La maison natale de Gabriel Lippmann à Luxembourg-Bonnevoie, en 2011.

Issu d'une famille française (père lorrain et mère alsacienne, tous deux juifs), Gabriel Lippmann naît à Bonnevoie (commune de Hollerich)[6] au Luxembourg. Il fait ses études à Paris, au lycée Napoléon (actuellement lycée Henri-IV), où Charles d'Alméida, son professeur de sciences physiques, lui donne le goût des sciences, puis à l'École normale supérieure, où il entre en 1868. Élève brillant mais indiscipliné, il échoue au concours d'agrégation. Son parcours scolaire ne fut pas très réussi, parce qu'il s'est concentré seulement sur les disciplines qui l'intéressaient et a négligé les autres. Il part alors en Allemagne, en 1872, pour une mission scientifique officielle et travaille avec Kühne (en) et Kirchhoff à Heidelberg et avec Helmholtz à Berlin. Il commence alors ses recherches sur les phénomènes électrocapillaires.

Lippmann rentre à Paris au début de 1875, et, le 24 juillet, soutient devant la Faculté des sciences de Paris sa thèse pour le doctorat ès sciences intitulée Relations entre les phénomènes électriques et capillaires[7]. Sa thèse fit sensation et il rejoint alors en tant qu'attaché le laboratoire de recherches physiques de la faculté des sciences de Paris dirigé par Jules Jamin, jusqu'à sa nomination comme maître de conférences à la faculté des sciences de Paris en 1878.

En 1881, il prédit l'effet piézoélectrique inverse, un champ électrique appliqué à certaines faces de corps cristallisés produit une déformation de ce corps, un an après que les frères Curie eurent fait connaître l'effet direct.

Le professeur Lippmann dans le laboratoire des recherches physiques de la Sorbonne (Bibliothèque de la Sorbonne, NuBIS)

En 1883, il est nommé professeur titulaire de la chaire de calcul des probabilités et de physique mathématique à la Faculté des sciences de Paris, succédant à Charles Briot, puis en 1886 professeur de physique générale et directeur du laboratoire des recherches physiques, à la mort de Jules Jamin. La même année, il est élu à l’Académie des sciences, en remplacement de Paul Desains (G. Lippmann 31 voix, Henri Becquerel 20 voix), académie qu'il présida en 1912. Lippmann s'occupe du transfert du laboratoire des recherches physiques dans les nouveaux bâtiments de la Sorbonne. En 1893, on compte 25 chercheurs au sein du laboratoire, dont Émile Amagat, Anatole Leduc et Marie Curie.

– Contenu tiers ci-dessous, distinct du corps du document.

lemma cutoff_flow_norm_le:
  assumes R: "R \<ge> 2" "norm (u 0) \<le> R" and t: "t \<in> {0..S}"
    and u: "\<And>t. t \<in> {0..S} \<Longrightarrow> (u has_vector_derivative cutoff R (u t) *\<^sub>R F (u t)) (at t within {0..S})"
  shows "norm (u t) \<le> R"
proof -
  define V where "V s = inner (u s) (u s)" for s
  \<comment> \<open>\<open>(V - 1)\<^sup>2\<close> is a Lyapunov function of the cut-off flow\<close>
  have "(V t - 1)\<^sup>2 \<le> (V 0 - 1)\<^sup>2"
  proof (rule DERIV_within_nonpos_imp_le[where h = "\<lambda>s. (V s - 1)\<^sup>2"])
    show "0 \<le> t" using t by simp
    fix s assume s: "s \<in> {0..t}"
    define k where "k = cutoff R (u s) * (alpha * excitation f theta x (u s))"
    define G where "G = cutoff R (u s) *\<^sub>R F (u s)"
    have "(u has_vector_derivative G) (at s within {0..t})"
      unfolding G_def by (rule has_vector_derivative_within_subset[OF u]) (use s t in auto)
    from has_vector_derivative_inner[OF this this]
    have "(V has_real_derivative inner (u s) G + inner G (u s)) (at s within {0..t})"
      unfolding V_def .
    moreover have "inner (u s) G = - k * (V s - 1)"
      by (simp add: G_def V_def k_def inner_learning_field)
    ultimately have "(V has_real_derivative - 2 * k * (V s - 1)) (at s within {0..t})"
      by (simp add: inner_commute[of G] mult.assoc)
    then show "((\<lambda>s. (V s - 1)\<^sup>2) has_real_derivative - 4 * k * (V s - 1)\<^sup>2) (at s within {0..t})"
      by (auto intro!: derivative_eq_intros simp: power2_eq_square)
    have "0 \<le> k" unfolding k_def
      using cutoff_nonneg excitation_nonneg alpha_pos by (intro mult_nonneg_nonneg) auto
    then show "- 4 * k * (V s - 1)\<^sup>2 \<le> 0" by simp
  qed
  then have "\<bar>V t - 1\<bar> \<le> \<bar>V 0 - 1\<bar>" by (simp add: abs_le_square_iff)
  moreover have "0 \<le> V 0" by (simp add: V_def)
  ultimately have "V t \<le> max (V 0) 2" by (auto simp: abs_if split: if_splits)
  also have "\<dots> \<le> R\<^sup>2"
    using R power_mono[OF R(2), of 2] power_mono[OF R(1), of 2]
    by (simp add: V_def power2_norm_eq_inner)
  finally show ?thesis using R by (simp add: V_def power2_norm_eq_inner[symmetric] abs_le_square_iff)
qed

lemma autonomous_flow_exists:
  assumes "S \<ge> 0"
  obtains \<Phi> where "\<Phi> 0 = w0"
    "\<And>t. t \<in> {0..S} \<Longrightarrow> (\<Phi> has_vector_derivative F (\<Phi> t)) (at t within {0..S})"
proof -
  define R where "R = max (norm w0) 2"
  have R: "R \<ge> 2" "R > 0" "norm w0 \<le> R" by (auto simp: R_def)
  obtain L where "L-lipschitz_on UNIV (\<lambda>w. cutoff R w *\<^sub>R F w)"
    using cutoff_learning_field_lipschitz[OF f_loclip R(2)] by blast
  then obtain u where u0: "u 0 = w0"
    and u: "\<And>t. t \<in> {0..S} \<Longrightarrow> (u has_vector_derivative cutoff R (u t) *\<^sub>R F (u t)) (at t within {0..S})"
    using lipschitz_ode_exists[where p = w0, OF _ assms] by blast
  have "cutoff R (u t) = 1" if "t \<in> {0..S}" for t
    using cutoff_flow_norm_le[OF R(1) _ that u] u0 R by (auto intro: cutoff_eq_1)
  with u show ?thesis by (intro that[of u, OF u0]) force
qed

lemma solution_exists_on:
  assumes T: "T \<ge> t0"
  obtains w where "solves t0 w0 {t0..T} w"
proof -
  define N where "N t = integral {t0..t} (pulses DT tau)" for t
  define D where "D = pulse_edges DT tau \<inter> {t0..T}"
  have D: "finite D" unfolding D_def by (rule finite_pulse_edges)
  have N0: "N t0 = 0" by (simp add: N_def)
  have N_range: "N t \<in> {0..T - t0}" if "t \<in> {t0..T}" for t
  proof -
    have "0 \<le> N t" unfolding N_def
      using pulses_integrable pulses_nonneg by (intro integral_nonneg) auto
    moreover have "N t \<le> integral {t0..t} (\<lambda>_. 1::real)" unfolding N_def
      using pulses_integrable pulses_le_1 by (intro integral_le) auto
    ultimately show ?thesis using that by auto
  qed
  have Nc: "continuous_on {t0..T} N"
    unfolding N_def by (rule indefinite_integral_continuous_1[OF pulses_integrable])
  obtain \<Phi> where \<Phi>0: "\<Phi> 0 = w0"
    and \<Phi>: "\<And>t. t \<in> {0..T - t0} \<Longrightarrow> (\<Phi> has_vector_derivative F (\<Phi> t)) (at t within {0..T - t0})"
    using autonomous_flow_exists[of "T - t0" w0] T by auto
  have \<Phi>c: "continuous_on {0..T - t0} \<Phi>"
    using \<Phi> has_vector_derivative_continuous continuous_on_eq_continuous_within by blast
  \<comment> \<open>the solution runs along the autonomous flow at the speed given by the pulse train\<close>
  define w where "w t = \<Phi> (N t)" for t
  have wc: "continuous_on {t0..T} w" unfolding w_def
    by (rule continuous_on_compose2[OF \<Phi>c Nc]) (use N_range in auto)
  have wd: "(w has_vector_derivative pulses DT tau t *\<^sub>R F (w t)) (at t)"
    if t: "t \<in> {t0<..<T} - D" for t
  proof -
    have tD: "t \<notin> pulse_edges DT tau" and t': "t \<in> {t0..T} - D" using t by (auto simp: D_def)
    have "(N has_vector_derivative pulses DT tau t) (at t within {t0..T} - D)"
      unfolding N_def
      by (rule integral_has_vector_derivative_continuous_at[OF pulses_integrable t' D])
        (rule continuous_within_subset[OF isCont_pulses[OF tD]], simp)
    moreover have "(\<Phi> has_vector_derivative F (\<Phi> (N t))) (at (N t) within N ` ({t0..T} - D))"
      by (rule has_vector_derivative_within_subset[OF \<Phi>[OF N_range]]) (use t' N_range in auto)
    ultimately have "(w has_vector_derivative pulses DT tau t *\<^sub>R F (w t)) (at t within {t0..T} - D)"
      unfolding w_def using vector_diff_chain_within[unfolded o_def] by blast
    then have "(w has_vector_derivative pulses DT tau t *\<^sub>R F (w t)) (at t within {t0<..<T} - D)"
      by (rule has_vector_derivative_within_subset) auto
    moreover have "open ({t0<..<T} - D)" using D by (intro open_Diff finite_imp_closed) auto
    ultimately show ?thesis using t has_vector_derivative_within_open by blast
  qed
  have "solves t0 w0 {t0..T} w"
    unfolding solves_on_def
  proof (intro conjI ballI)
    show "w t0 = w0" by (simp add: w_def N0 \<Phi>0)
    fix t assume t: "t \<in> {t0..T}"
    have "((\<lambda>s. pulses DT tau s *\<^sub>R F (w s)) has_integral (w t - w t0)) {t0..t}"
      by (rule fundamental_theorem_of_calculus_interior_strong[OF D])
        (use t wd in \<open>auto intro: continuous_on_subset[OF wc]\<close>)
    then show "((\<lambda>\<tau>. rhs alpha f theta DT tau x \<tau> (w \<tau>)) has_integral (w t - w0)) {t0..t}"
      by (simp add: rhs_eq w_def N0 \<Phi>0)
  qed (rule wc)
  then show ?thesis by (rule that)
qed

lemma solution_unique:
  assumes u: "solves t0 w0 {t0..T} u" and v: "solves t0 w0 {t0..T} v" and t: "t \<in> {t0..T}"
  shows "u t = v t"
proof -
  have uc: "continuous_on {t0..T} u" and vc: "continuous_on {t0..T} v"
    using u v by (auto simp: solves_on_def)
  have "bounded (u ` {t0..T} \<union> v ` {t0..T})"
    by (intro compact_imp_bounded compact_Un compact_continuous_image uc vc) simp_all
  then obtain R where "\<forall>z \<in> u ` {t0..T} \<union> v ` {t0..T}. norm z \<le> R"
    by (auto simp: bounded_iff)
  then have R: "u s \<in> cball 0 R \<and> v s \<in> cball 0 R" if "s \<in> {t0..T}" for s
    using that by auto
  obtain C where C: "C-lipschitz_on (cball 0 R) F"
    using learning_field_lipschitz_on_cball[OF f_loclip] by blast
  define e where "e s = norm (u s - v s)" for s
  have ec: "continuous_on {t0..T} e" unfolding e_def by (intro continuous_intros uc vc)
  \<comment> \<open>the integral equations give \<open>e \<le> C \<integral> e\<close>, so Gronwall's inequality applies\<close>
  have "e r \<le> C * integral {t0..r} e" if r: "r \<in> {t0..T}" for r
  proof -
    have "((\<lambda>s. rhs alpha f theta DT tau x s (u s) - rhs alpha f theta DT tau x s (v s))
        has_integral (u r - v r)) {t0..r}"
      using has_integral_diff[of _ "u r - w0" _ _ "v r - w0"] u v r by (force simp: solves_on_def)
    then have "((\<lambda>s. pulses DT tau s *\<^sub>R (F (u s) - F (v s))) has_integral (u r - v r)) {t0..r}"
      by (simp add: rhs_eq scaleR_diff_right)
    then have int: "(\<lambda>s. pulses DT tau s *\<^sub>R (F (u s) - F (v s))) integrable_on {t0..r}"
      and "e r = norm (integral {t0..r} (\<lambda>s. pulses DT tau s *\<^sub>R (F (u s) - F (v s))))"
      by (auto simp: e_def integral_unique)
    note this(2)
    also have "\<dots> \<le> integral {t0..r} (\<lambda>s. C * e s)"
    proof (rule integral_norm_bound_integral[OF int])
      show "(\<lambda>s. C * e s) integrable_on {t0..r}"
        by (intro integrable_continuous_real continuous_intros continuous_on_subset[OF ec]) (use r in auto)
      fix s assume s: "s \<in> {t0..r}"
      have "norm (F (u s) - F (v s)) \<le> C * e s"
        using lipschitz_onD[OF C] R[of s] s r by (auto simp: e_def dist_norm)
      then show "norm (pulses DT tau s *\<^sub>R (F (u s) - F (v s))) \<le> C * e s"
        using pulses_nonneg[of s] pulses_le_1[of s] mult_mono[of _ 1 _ "C * e s"]
        by force
    qed
    finally show ?thesis by simp
  qed
  then have "e t = 0"
    using gronwall_zero[OF _ ec _ lipschitz_on_nonneg[OF C] _ t] t by (auto simp: e_def)
  then show ?thesis by (simp add: e_def)
qed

Il est président d'honneur de la Société française de photographie de 1897 à 1899, succédant à Étienne-Jules Marey, et participe à la création de l'Institut d'optique théorique et appliquée (SupOptique). Il est président de la Société astronomique de France de 1903 à 1904[8].

Lippmann a travaillé dans de nombreux domaines comme l'électricité, la thermodynamique, l'optique et la photochimie. À Heidelberg, il a étudié le rapport entre les phénomènes électriques et les phénomènes capillaires. Il est à l'origine de l'invention de l’électromètre capillaire, utilisé dans les premiers électrocardiographes, et du coelostat, instrument compensant la rotation de la Terre et permettant de photographier une région du ciel rendue apparemment fixe.

Il a inventé le procédé de photographie en couleurs Lippmann, qui reste à ce jour (2006) le seul à pouvoir fixer l'ensemble des couleurs du spectre au lieu d'en faire une décomposition trichrome (qui pour sa part est irréversible). Le procédé, qui fixe les franges d'interférence de la lumière, est onéreux (usage de mercure) et demande un important temps de pose, mais n'a pas été à ce jour (2006) dépassé en qualité. Il reste en particulier le seul à permettre une analyse chromatographique complète a posteriori des couleurs fixées, ce qui est par nature impossible avec les procédés trichromes.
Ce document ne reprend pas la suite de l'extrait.